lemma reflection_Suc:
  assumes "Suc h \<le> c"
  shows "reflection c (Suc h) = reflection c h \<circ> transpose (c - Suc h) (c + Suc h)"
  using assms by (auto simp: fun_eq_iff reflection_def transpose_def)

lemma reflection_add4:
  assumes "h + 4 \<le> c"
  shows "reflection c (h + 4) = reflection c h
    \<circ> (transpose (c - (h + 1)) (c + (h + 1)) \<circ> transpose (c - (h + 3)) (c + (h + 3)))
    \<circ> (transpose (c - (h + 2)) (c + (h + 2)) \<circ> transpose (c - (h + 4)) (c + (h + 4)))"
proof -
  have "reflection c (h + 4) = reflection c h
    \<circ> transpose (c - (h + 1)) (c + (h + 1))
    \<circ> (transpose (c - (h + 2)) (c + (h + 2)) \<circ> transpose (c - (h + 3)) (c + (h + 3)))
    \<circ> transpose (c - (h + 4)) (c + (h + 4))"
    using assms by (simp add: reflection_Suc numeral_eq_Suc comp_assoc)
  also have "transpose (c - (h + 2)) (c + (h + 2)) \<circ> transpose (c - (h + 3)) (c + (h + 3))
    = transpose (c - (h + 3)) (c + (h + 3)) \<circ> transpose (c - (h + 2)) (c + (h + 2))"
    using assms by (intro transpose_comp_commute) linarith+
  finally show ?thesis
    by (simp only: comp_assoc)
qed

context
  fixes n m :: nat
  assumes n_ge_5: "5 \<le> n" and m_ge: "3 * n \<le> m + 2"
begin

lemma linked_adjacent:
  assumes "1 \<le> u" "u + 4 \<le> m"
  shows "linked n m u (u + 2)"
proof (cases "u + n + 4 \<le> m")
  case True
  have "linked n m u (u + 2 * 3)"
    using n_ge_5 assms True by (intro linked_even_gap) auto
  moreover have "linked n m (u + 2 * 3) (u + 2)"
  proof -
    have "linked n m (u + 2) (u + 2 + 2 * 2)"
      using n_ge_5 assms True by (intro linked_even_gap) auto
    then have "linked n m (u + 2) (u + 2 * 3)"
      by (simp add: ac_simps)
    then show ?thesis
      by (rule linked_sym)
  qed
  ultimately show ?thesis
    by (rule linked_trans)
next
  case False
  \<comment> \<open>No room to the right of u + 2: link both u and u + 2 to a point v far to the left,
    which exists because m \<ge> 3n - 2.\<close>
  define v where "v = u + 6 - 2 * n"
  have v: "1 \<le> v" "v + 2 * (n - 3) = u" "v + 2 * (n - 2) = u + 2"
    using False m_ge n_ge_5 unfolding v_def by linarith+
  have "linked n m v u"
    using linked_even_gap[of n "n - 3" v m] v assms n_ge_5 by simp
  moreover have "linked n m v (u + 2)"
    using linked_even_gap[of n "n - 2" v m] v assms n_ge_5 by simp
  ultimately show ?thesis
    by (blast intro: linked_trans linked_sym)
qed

...

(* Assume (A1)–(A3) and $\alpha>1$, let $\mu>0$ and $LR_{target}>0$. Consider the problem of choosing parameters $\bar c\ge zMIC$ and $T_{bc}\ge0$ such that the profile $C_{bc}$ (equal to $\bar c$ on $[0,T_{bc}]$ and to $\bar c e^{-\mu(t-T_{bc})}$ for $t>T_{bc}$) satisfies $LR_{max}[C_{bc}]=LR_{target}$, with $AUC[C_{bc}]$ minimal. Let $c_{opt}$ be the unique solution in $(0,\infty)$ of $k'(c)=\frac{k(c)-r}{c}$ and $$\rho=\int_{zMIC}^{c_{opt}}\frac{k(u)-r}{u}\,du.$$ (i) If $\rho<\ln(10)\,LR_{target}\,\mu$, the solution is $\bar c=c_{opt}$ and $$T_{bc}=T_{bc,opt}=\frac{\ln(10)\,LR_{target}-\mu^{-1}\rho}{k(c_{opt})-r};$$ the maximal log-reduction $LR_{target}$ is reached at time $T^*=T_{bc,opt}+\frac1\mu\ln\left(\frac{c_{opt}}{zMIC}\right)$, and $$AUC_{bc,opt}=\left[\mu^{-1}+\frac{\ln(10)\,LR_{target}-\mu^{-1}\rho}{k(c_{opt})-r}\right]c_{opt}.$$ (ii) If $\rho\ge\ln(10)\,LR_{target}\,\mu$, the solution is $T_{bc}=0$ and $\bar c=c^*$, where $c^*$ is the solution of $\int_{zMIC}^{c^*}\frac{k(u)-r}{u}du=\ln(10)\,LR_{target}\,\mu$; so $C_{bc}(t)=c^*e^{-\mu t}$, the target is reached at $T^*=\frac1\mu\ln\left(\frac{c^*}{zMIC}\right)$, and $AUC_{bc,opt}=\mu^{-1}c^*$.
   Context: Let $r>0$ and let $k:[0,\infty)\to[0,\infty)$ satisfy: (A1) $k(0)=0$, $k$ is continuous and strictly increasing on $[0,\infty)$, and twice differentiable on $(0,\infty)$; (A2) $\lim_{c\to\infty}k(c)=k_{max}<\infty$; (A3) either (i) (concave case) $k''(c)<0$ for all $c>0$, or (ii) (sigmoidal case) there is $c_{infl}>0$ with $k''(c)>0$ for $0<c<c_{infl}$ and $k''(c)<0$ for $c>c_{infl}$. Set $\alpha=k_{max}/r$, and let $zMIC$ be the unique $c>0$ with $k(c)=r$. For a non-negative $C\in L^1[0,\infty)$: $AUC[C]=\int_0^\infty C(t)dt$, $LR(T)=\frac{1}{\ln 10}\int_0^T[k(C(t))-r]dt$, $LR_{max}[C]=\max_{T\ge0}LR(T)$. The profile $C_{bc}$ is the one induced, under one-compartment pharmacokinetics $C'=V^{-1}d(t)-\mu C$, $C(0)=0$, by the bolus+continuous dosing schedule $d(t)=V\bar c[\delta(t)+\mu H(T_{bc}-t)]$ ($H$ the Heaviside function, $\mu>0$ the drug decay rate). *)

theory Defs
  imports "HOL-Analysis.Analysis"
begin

-- Task --
Copy out each line of the records where the string "simp" appears.

-- Answer for this exercise --
  using assms by (auto simp: fun_eq_iff reflection_def transpose_def)
    using assms by (simp add: reflection_Suc numeral_eq_Suc comp_assoc)
    by (simp only: comp_assoc)
      by (simp add: ac_simps)
    using linked_even_gap[of n "n - 3" v m] v assms n_ge_5 by simp
    using linked_even_gap[of n "n - 2" v m] v assms n_ge_5 by simp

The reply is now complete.